Because the digits must be the same or increase, the number of combinations is fairly limited. The total number of such 'passwords' is a 6-simplex polytopic numbers, the value of which can be calculated as
$$\dbinom{10 + 6 - 1}{6} = \dbinom{15}{6} = 5005$$(where 10 is the number of digits and 6 the number of dimensions).

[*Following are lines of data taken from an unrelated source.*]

lemma dseg_conic_comb_le:
  assumes "0 \<le> a" "0 \<le> b" "a + b \<le> 1"
  shows "dseg e (a *\<^sub>R p + b *\<^sub>R q) \<le> a * dseg e p + b * dseg e q"
proof -
  obtain u where u: "0 \<le> u" "u \<le> 1" "dseg e p = dist p (u *\<^sub>R e)" by (rule dseg_attained)
  obtain v where v: "0 \<le> v" "v \<le> 1" "dseg e q = dist q (v *\<^sub>R e)" by (rule dseg_attained)
  have "a * u + b * v \<le> a + b"
    using assms u v by (intro add_mono) (auto intro: mult_left_le)
  then have "dseg e (a *\<^sub>R p + b *\<^sub>R q) \<le> dist (a *\<^sub>R p + b *\<^sub>R q) ((a * u + b * v) *\<^sub>R e)"
    using assms u v by (intro dseg_le_dist) auto
  also have "\<dots> = norm (a *\<^sub>R (p - u *\<^sub>R e) + b *\<^sub>R (q - v *\<^sub>R e))"
    by (simp add: dist_norm algebra_simps)
  also have "\<dots> \<le> a * dseg e p + b * dseg e q"
    using norm_triangle_ineq[of "a *\<^sub>R (p - u *\<^sub>R e)" "b *\<^sub>R (q - v *\<^sub>R e)"] assms u v
    by (simp add: dist_norm)
  finally show ?thesis .
qed

lemma dseg_conic_comb_le_max:
  assumes "0 \<le> a" "0 \<le> b" "a + b \<le> 1"
  shows "dseg e (a *\<^sub>R p + b *\<^sub>R q) \<le> max (dseg e p) (dseg e q)"
proof -
  let ?m = "max (dseg e p) (dseg e q)"
  have "a * dseg e p + b * dseg e q \<le> (a + b) * ?m"
    using assms by (simp add: distrib_right add_mono mult_left_mono)
  also have "\<dots> \<le> ?m"
    using assms dseg_nonneg[of e p] by (intro mult_left_le_one_le) auto
  finally show ?thesis using dseg_conic_comb_le[OF assms, of e p q] by linarith
qed

lemma dseg_scaleR_le: "0 \<le> s \<Longrightarrow> s \<le> 1 \<Longrightarrow> dseg e (s *\<^sub>R p) \<le> dseg e p"
  using dseg_conic_comb_le_max[of s 0 e p 0] dseg_nonneg[of e p] by simp

text \<open>Quasiconvexity and minimality at the origin in one condition.\<close>
locale origin_quasiconvex =
  fixes g :: "real \<times> real \<Rightarrow> real"
  assumes conic_comb_le_max:
    "\<And>a b p q. 0 \<le> a \<Longrightarrow> 0 \<le> b \<Longrightarrow> a + b \<le> 1 \<Longrightarrow> g (a *\<^sub>R p + b *\<^sub>R q) \<le> max (g p) (g q)"
begin

lemma segment_le_max: "0 \<le> t \<Longrightarrow> t \<le> 1 \<Longrightarrow> g ((1 - t) *\<^sub>R p + t *\<^sub>R q) \<le> max (g p) (g q)"
  using conic_comb_le_max[of "1 - t" t] by simp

We can easily brute-force this by generating all the possible combinations of increasing digits, using a recursive loop over a digits string (which we shorten for the next recursive call to ensure digits only increase).
The passwords can then be checked to be within the low-high value range, and the number of unique digits needs to be less than 6 for digits to have repeated.
from __future__ import annotations
from typing import Callable, Iterable
Checker = Callable[[int], bool]
def produce(n: int = 6, digits: str = "0123456789") -> Iterable[str]:
if n == 0:
yield ""
return
for i, d in enumerate(digits):
for remainder in produce(n - 1, digits[i:]):
yield d + remainder
def password_checker_factory(lo: int, hi: int) -> Checker:
def is_valid(pw: int) -> bool:
return (lo <= pw <= hi) and len(set(str(pw))) < 6
return is_valid
def count_valid(checker: Checker) -> int:
return sum(1 for _ in filter(checker, map(int, produce())))
tests = {
(111111, 111111): 1,
(223450, 223450): 0,
(123789, 123789): 0,
}
for (lo, hi), expected in tests.items():
assert count_valid(password_checker_factory(lo, hi)) == expected
import aocd
lo, hi = map(int, aocd.get_data(day=4, year=2019).strip().split("-"))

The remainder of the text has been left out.